At December’s Katowice Climate Change Conference, Polish President Andrzej Duda proudly opened the proceedings by declaring that coal “does not contradict the protection of the climate and the progress of climate protection.”
This bizarre and ecologically immoral statement, and the conference’s general embrace of coal, comes from a country whose history deserves greater attention, especially since it echoes so much of the world’s present situation — and possibly our future.
Since joining the European Union in 2004, the Polish state has doggedly pursued the neoliberal policies of Friedrich Hayek and Milton Friedman. The “free” market and finance were liberated from state intervention on behalf of the commons and the environment. Limitless economic growth and hyperconsumerism became a mantra. State industries and services were privatized. The economy boomed, and according to Western trade analysts, Polish consumers “are used to doing their shopping seven days a week and at any time of day or night.”

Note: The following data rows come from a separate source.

(* A closed term graph $G$ is in normal form with respect to the constructor graph rewrite system corresponding to a constructor rewrite system $R$ if and only if the term $\mathcal{T}(G)$ is in normal form with respect to $R$.
   Context: A constructor rewrite system $R$ over a signature $\Sigma$ (symbols are constructors or function symbols, with arities) consists of rules $\mathbf{f}(p_1,\dots,p_n)\rightarrow t$ with $\mathbf{f}$ a function symbol, $p_i$ patterns (constructors and variables), assumed orthogonal; rewriting is call-by-value (a step replaces anywhere a subterm $l\sigma$ by $r\sigma$, $\sigma$ mapping variables to closed terms built only from constructors). A labelled graph is $(V,\alpha,\delta)$: finite $V$, ordered successor lists $\alpha:V\to V^*$, partial labelling $\delta:V\rightharpoonup\Sigma$ with the number of successors equal to the arity of the label (0 if unlabelled), acyclic; closed if $\delta$ is total; a term graph additionally has a root. Homomorphisms preserve labels and successor lists of labelled vertices (and root). A constructor path has all vertices labelled by constructors; a left path has first vertex labelled by a function symbol and the others by constructors or unlabelled. A graph rewrite rule $(H,r,s)$ has every path from $r$ a left path. A redex in $G$: a rule with a homomorphism $\varphi:H|_r\to G$ ($H|_r$ = vertices reachable from $r$) such that every path from $\varphi(v)$, $v$ unlabelled in $H|_r$, is a constructor path. A term graph is in normal form if it has no redex. $\mathcal{T}(G)$ is the term obtained by unfolding $G$ from its root. A term rule $l\rightarrow r$ corresponds to the graph rule obtained from the disjoint union of the trees of $l$ and $r$ by identifying vertices of the same variable, left root = root of $l$, right root = root of $r$; the constructor graph rewrite system corresponding to $R$ is the set of these graph rules. *)

theory Defs
  imports Main
begin

text \<open>A signature is given by an arity function and a predicate telling which
symbols are constructors; the other symbols are function symbols.\<close>

datatype ('f, 'v) trm = Var 'v | Fun 'f "('f, 'v) trm list"

fun wf_term :: "('f \<Rightarrow> nat) \<Rightarrow> ('f, 'v) trm \<Rightarrow> bool" where
  "wf_term arity (Var x) = True"
| "wf_term arity (Fun f ts) = (length ts = arity f \<and> list_all (wf_term arity) ts)"

fun vars :: "('f, 'v) trm \<Rightarrow> 'v set" where
  "vars (Var x) = {x}"
| "vars (Fun f ts) = \<Union> (set (map vars ts))"

fun var_list :: "('f, 'v) trm \<Rightarrow> 'v list" where
  "var_list (Var x) = [x]"
| "var_list (Fun f ts) = concat (map var_list ts)"

fun subst :: "('v \<Rightarrow> ('f, 'w) trm) \<Rightarrow> ('f, 'v) trm \<Rightarrow> ('f, 'w) trm" where
  "subst \<sigma> (Var x) = \<sigma> x"
| "subst \<sigma> (Fun f ts) = Fun f (map (subst \<sigma>) ts)"

fun subterms :: "('f, 'v) trm \<Rightarrow> ('f, 'v) trm set" where
  "subterms (Var x) = {Var x}"
| "subterms (Fun f ts) = insert (Fun f ts) (\<Union> (set (map subterms ts)))"

fun is_pattern :: "('f \<Rightarrow> bool) \<Rightarrow> ('f, 'v) trm \<Rightarrow> bool" where
  "is_pattern is_con (Var x) = True"
| "is_pattern is_con (Fun f ts) = (is_con f \<and> list_all (is_pattern is_con) ts)"

fun is_cterm :: "('f \<Rightarrow> nat) \<Rightarrow> ('f \<Rightarrow> bool) \<Rightarrow> ('f, 'v) trm \<Rightarrow> bool" where
  "is_cterm arity is_con (Var x) = False"
| "is_cterm arity is_con (Fun f ts) =
     (is_con f \<and> length ts = arity f \<and> list_all (is_cterm arity is_con) ts)"

definition constructor_rule ::
  "('f \<Rightarrow> nat) \<Rightarrow> ('f \<Rightarrow> bool) \<Rightarrow> ('f, 'v) trm \<times> ('f, 'v) trm \<Rightarrow> bool" where
  "constructor_rule arity is_con lr \<longleftrightarrow>
     (\<exists>f ps. fst lr = Fun f ps \<and> \<not> is_con f \<and> list_all (is_pattern is_con) ps)
     \<and> wf_term arity (fst lr) \<and> wf_term arity (snd lr)"

definition constructor_trs ::
  "('f \<Rightarrow> nat) \<Rightarrow> ('f \<Rightarrow> bool) \<Rightarrow> (('f, 'v) trm \<times> ('f, 'v) trm) set \<Rightarrow> bool" where
  "constructor_trs arity is_con R \<longleftrightarrow> (\<forall>lr \<in> R. constructor_rule arity is_con lr)"

text \<open>Orthogonality: left-linear and non-overlapping.  For constructor systems
the only possible overlaps are root overlaps between distinct rules
(left-hand sides renamed apart).\<close>
definition orthogonal :: "(('f, 'v) trm \<times> ('f, 'v) trm) set \<Rightarrow> bool" where
  "orthogonal R \<longleftrightarrow>
     (\<forall>(l, r) \<in> R. distinct (var_list l)) \<and>
     (\<forall>(l1, r1) \<in> R. \<forall>(l2, r2) \<in> R. (l1, r1) \<noteq> (l2, r2) \<longrightarrow>
        \<not> (\<exists>(\<sigma> :: 'v \<Rightarrow> ('f, 'v) trm) \<tau>. subst \<sigma> l1 = subst \<tau> l2))"

text \<open>Call-by-value redex: an instance l\<sigma> of a left-hand side, with \<sigma> mapping
the variables (of l) to closed constructor terms.\<close>
definition term_redex ::
  "('f \<Rightarrow> nat) \<Rightarrow> ('f \<Rightarrow> bool) \<Rightarrow> (('f, 'v) trm \<times> ('f, 'v) trm) set \<Rightarrow> ('f, 'v) trm \<Rightarrow> bool" where
  "term_redex arity is_con R s \<longleftrightarrow>
     (\<exists>(l, r) \<in> R. \<exists>\<sigma>. (\<forall>x \<in> vars l. is_cterm arity is_con (\<sigma> x)) \<and> s = subst \<sigma> l)"

definition term_nf ::
  "('f \<Rightarrow> nat) \<Rightarrow> ('f \<Rightarrow> bool) \<Rightarrow> (('f, 'v) trm \<times> ('f, 'v) trm) set \<Rightarrow> ('f, 'v) trm \<Rightarrow> bool" where
  "term_nf arity is_con R t \<longleftrightarrow> (\<forall>s \<in> subterms t. \<not> term_redex arity is_con R s)"

record ('n, 'f) lgraph =
  verts :: "'n set"
  succs :: "'n \<Rightarrow> 'n list"
  lab :: "'n \<Rightarrow> 'f option"

record ('n, 'f) tgraph = "('n, 'f) lgraph" +
  root :: 'n

definition edges :: "('n, 'f, 'z) lgraph_scheme \<Rightarrow> ('n \<times> 'n) set" where
  "edges G = {(u, w). u \<in> verts G \<and> w \<in> set (succs G u)}"

definition wf_lgraph :: "('f \<Rightarrow> nat) \<Rightarrow> ('n, 'f, 'z) lgraph_scheme \<Rightarrow> bool" where
  "wf_lgraph arity G \<longleftrightarrow>
     finite (verts G) \<and>
     (\<forall>v \<in> verts G. set (succs G v) \<subseteq> verts G \<and>
        length (succs G v) = (case lab G v of Some f \<Rightarrow> arity f | None \<Rightarrow> 0)) \<and>
     acyclic (edges G)"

However, this recent history can make it easy to forget that Poles lived under communism for 44 years until 1989. This was an era mostly marked by economic recessions, severe consumer shortages and an absolute condemnation of capitalism. For better or worse, citizens accepted their meager material conditions with stoic resignation, and a few embraced a minimalist lifestyle. Simply put, Polish culture was not driven by mass consumption and materialism. Those were unattainable.
But at the same time, Polish Marxists in the immediate aftermath of a destructive World War were convinced that communism would quickly usher in a proletarian utopia of progress and plenty. Steel mills, aluminum smelting facilities, shipyards and cement plants were constructed in an initial spasm of modernizing dynamism.